EXERCISE DETAILS >>
All lines of the material that contain "moreover" must be copied out.
*** Opening of SUPPLIED ENTRIES ***
lemma normal_frame_complement:
  fixes a :: "real^2 \<Rightarrow> real^4"
  assumes "a differentiable (at x)" "inj (frechet_derivative a (at x))"
    and frame: "normal_frame a x n \<xi>"
    and z: "\<And>i. pd a i x \<bullet> z = 0" "n \<bullet> z = 0"
  shows "z = (z \<bullet> \<xi>) *\<^sub>R \<xi>"
proof -
  let ?B = "{n, pd a 1 x, pd a 2 x}"
  have n: "norm n = 1" "\<And>i. pd a i x \<bullet> n = 0" and \<xi>: "norm \<xi> = 1" "n \<bullet> \<xi> = 0" "\<And>i. pd a i x \<bullet> \<xi> = 0"
    using frame unfolding normal_frame_def by auto
  have tangent: "independent {pd a 1 x, pd a 2 x}" "pd a 1 x \<noteq> pd a 2 x"
    using independent_pd_if_inj[OF assms(1,2)] by auto
  have "n \<notin> span {pd a 1 x, pd a 2 x}"
    using n by (intro notin_span_if_orthogonal) (auto simp: orthogonal_def inner_commute)
  then have "independent ?B"
    using tangent(1) by (rule independent_insertI)
  moreover have "n \<notin> {pd a 1 x, pd a 2 x}"
    using \<open>n \<notin> span _\<close> span_base by blast
  then have "card ?B = DIM(real^4) - 1"
    using tangent(2) by simp
  moreover have "\<forall>b\<in>?B. orthogonal \<xi> b" "\<forall>b\<in>?B. orthogonal z b"
    using \<xi> z by (auto simp: orthogonal_def inner_commute)
  moreover have "\<xi> \<noteq> 0" "\<xi> \<bullet> \<xi> = 1"
    using \<xi>(1) by (auto simp: norm_eq_1)
  ultimately show ?thesis
    using orthogonal_to_codim_one_eq_scaleR[of ?B \<xi> z] by simp
qed

text \<open>Inside a chart, \<open>pd \<nu> j x + lam *\<^sub>R pd a j x\<close> is the \<open>j\<close>-th partial derivative of
  \<open>\<nu> + lam *\<^sub>R a\<close>, which is \<open>lam\<close> times the center of the sphere to be found.\<close>

locale umbilic_chart =
  fixes U :: "(real^2) set" and a \<nu> :: "real^2 \<Rightarrow> real^4" and lam :: real
  assumes open_U: "open U"
    and smooth_a: "smooth_on U a" and smooth_\<nu>: "smooth_on U \<nu>"
    and norm_\<nu>: "\<And>x. x \<in> U \<Longrightarrow> norm (\<nu> x) = 1"
    and normal_\<nu>: "\<And>x i. x \<in> U \<Longrightarrow> pd a i x \<bullet> \<nu> x = 0"
    and umbilic: "\<And>x. x \<in> U \<Longrightarrow>
      se a (\<nu> x) x = lam * fE a x \<and> sf a (\<nu> x) x = lam * fF a x \<and> sg a (\<nu> x) x = lam * fG a x"
begin

lemma differentiable_at_U:
  assumes "x \<in> U"
  shows "a differentiable (at x)" "\<nu> differentiable (at x)"
    "pd a i differentiable (at x)" "pd \<nu> i differentiable (at x)"
  using assms smooth_a smooth_\<nu> by (auto intro: smooth_on_imp_differentiable smooth_on_pd)

lemma umbilic_second_derivative:
  assumes "x \<in> U"
  shows "pd (pd a i) j x \<bullet> \<nu> x = lam * (pd a i x \<bullet> pd a j x)"
proof -
  have "pd (pd a 1) 1 x \<bullet> \<nu> x = lam * (pd a 1 x \<bullet> pd a 1 x)"
    "pd (pd a 1) 2 x \<bullet> \<nu> x = lam * (pd a 1 x \<bullet> pd a 2 x)"
    "pd (pd a 2) 2 x \<bullet> \<nu> x = lam * (pd a 2 x \<bullet> pd a 2 x)"
    using umbilic[OF assms] unfolding se_def sf_def sg_def fE_def fF_def fG_def by auto
  then show ?thesis
    using exhaust_2[of i] exhaust_2[of j] smooth_on_pd_pd_commute[OF open_U smooth_a assms, of 2 1]
    by (auto simp: inner_commute)
qed

lemma pd_center_orthogonal:
  assumes "x \<in> U"
  shows "(pd \<nu> j x + lam *\<^sub>R pd a j x) \<bullet> pd a i x = 0"
    and "(pd \<nu> j x + lam *\<^sub>R pd a j x) \<bullet> \<nu> x = 0"
proof -
  have "pd (\<lambda>z. pd a i z \<bullet> \<nu> z) j x = 0"
    using normal_\<nu> by (intro pd_eq_0_if_constant_on_open[OF open_U assms])
  then have "pd (pd a i) j x \<bullet> \<nu> x + pd a i x \<bullet> pd \<nu> j x = 0"
    using pd_inner[OF differentiable_at_U(3,2)[OF assms]] by simp
  then show "(pd \<nu> j x + lam *\<^sub>R pd a j x) \<bullet> pd a i x = 0"
    using umbilic_second_derivative[OF assms, of i j] by (simp add: inner_add_left inner_commute[of "pd a i x"])
  have "pd (\<lambda>z. \<nu> z \<bullet> \<nu> z) j x = 0"
    using norm_\<nu> by (intro pd_eq_0_if_constant_on_open[OF open_U assms, where c = 1]) (simp add: norm_eq_1)
  then have "pd \<nu> j x \<bullet> \<nu> x = 0"
    using pd_inner[OF differentiable_at_U(2,2)[OF assms]] by (simp add: inner_commute)
  then show "(pd \<nu> j x + lam *\<^sub>R pd a j x) \<bullet> \<nu> x = 0"
    using normal_\<nu>[OF assms] by (simp add: inner_add_left)
qed

lemma pd_center_codazzi:
  assumes "x \<in> U"
  shows "(pd \<nu> j x + lam *\<^sub>R pd a j x) \<bullet> pd (pd a i) k x
       = (pd \<nu> k x + lam *\<^sub>R pd a k x) \<bullet> pd (pd a i) j x"
proof -
  have product_rule: "(pd (pd \<nu> j) k x + lam *\<^sub>R pd (pd a j) k x) \<bullet> pd a i x
      + (pd \<nu> j x + lam *\<^sub>R pd a j x) \<bullet> pd (pd a i) k x = 0" for j k
  proof -
    have "pd (\<lambda>z. (pd \<nu> j z + lam *\<^sub>R pd a j z) \<bullet> pd a i z) k x = 0"
      using pd_center_orthogonal(1) by (intro pd_eq_0_if_constant_on_open[OF open_U assms])
    then show ?thesis
      using assms by (simp add: pd_inner pd_add_scaleR differentiable_at_U)
  qed
  have "pd (pd \<nu> j) k x = pd (pd \<nu> k) j x" "pd (pd a j) k x = pd (pd a k) j x"
    using smooth_on_pd_pd_commute[OF open_U _ assms] smooth_a smooth_\<nu> by auto
  then show ?thesis
    using product_rule[of j k] product_rule[of k j] by simp
qed

lemma gauss_K_eq_sq_if_degenerate:
  assumes "x \<in> U" "inj (frechet_derivative a (at x))"
    and "se a \<xi> x * sg a \<xi> x - (sf a \<xi> x)\<^sup>2 = 0"
  shows "gauss_K a (\<nu> x) \<xi> x = lam\<^sup>2"
proof -
  have "fE a x * fG a x - (fF a x)\<^sup>2 \<noteq> 0"
    using gram_det_pos[OF independent_pd_if_inj[OF differentiable_at_U(1) assms(2)]] assms(1)
    unfolding fE_def fF_def fG_def by simp
  with umbilic[OF assms(1)] assms(3) show ?thesis
    unfolding gauss_K_def by (simp add: field_simps power2_eq_square)
qed

lemma pd_center_eq_0:
  assumes x: "x \<in> U" and inj: "inj (frechet_derivative a (at x))"
    and K: "\<And>\<xi>. normal_frame a x (\<nu> x) \<xi> \<Longrightarrow> gauss_K a (\<nu> x) \<xi> x \<noteq> lam\<^sup>2"
  shows "pd \<nu> i x + lam *\<^sub>R pd a i x = 0"
proof -
  let ?W = "\<lambda>j. pd \<nu> j x + lam *\<^sub>R pd a j x"
  have "?W 1 = 0 \<and> ?W 2 = 0"
  proof (rule ccontr)
    assume "\<not> (?W 1 = 0 \<and> ?W 2 = 0)"
    then obtain w where w: "w \<in> {?W 1, ?W 2}" "w \<noteq> 0" by auto
    define \<xi> where "\<xi> = sgn w"
    have frame: "normal_frame a x (\<nu> x) \<xi>"
      using w pd_center_orthogonal[OF x] norm_\<nu>[OF x] normal_\<nu>[OF x]
      unfolding normal_frame_def \<xi>_def by (auto simp: norm_sgn sgn_div_norm inner_commute)
    define m where "m j = ?W j \<bullet> \<xi>" for j
    have W: "?W j = m j *\<^sub>R \<xi>" for j
      unfolding m_def using pd_center_orthogonal[OF x]
      by (intro normal_frame_complement[OF differentiable_at_U(1)[OF x] inj frame]) (auto simp: inner_commute)
    have "m 1 \<noteq> 0 \<or> m 2 \<noteq> 0"
      using w W[of 1] W[of 2] by auto
    moreover have "m 1 * sf a \<xi> x = m 2 * se a \<xi> x" "m 1 * sg a \<xi> x = m 2 * sf a \<xi> x"
      using pd_center_codazzi[OF x, of 1 1 2] pd_center_codazzi[OF x, of 1 2 2]
        smooth_on_pd_pd_commute[OF open_U smooth_a x, of 2 1]
      unfolding se_def sf_def sg_def W by (simp_all add: inner_commute)
    ultimately have "se a \<xi> x * sg a \<xi> x - (sf a \<xi> x)\<^sup>2 = 0"
      by (intro det2_eq_0_if_kernel_nonzero[of "m 1" _ "m 2"])
    then show False
      using K[OF frame] gauss_K_eq_sq_if_degenerate[OF x inj] by blast
  qed
  then show ?thesis
    using exhaust_2[of i] by auto
qed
*** Close of SUPPLIED ENTRIES ***
OUTPUT OF THE EXERCISE >>
  moreover have "n \<notin> {pd a 1 x, pd a 2 x}"
  moreover have "\<forall>b\<in>?B. orthogonal \<xi> b" "\<forall>b\<in>?B. orthogonal z b"
  moreover have "\<xi> \<noteq> 0" "\<xi> \<bullet> \<xi> = 1"
    moreover have "m 1 * sf a \<xi> x = m 2 * se a \<xi> x" "m 1 * sg a \<xi> x = m 2 * sf a \<xi> x"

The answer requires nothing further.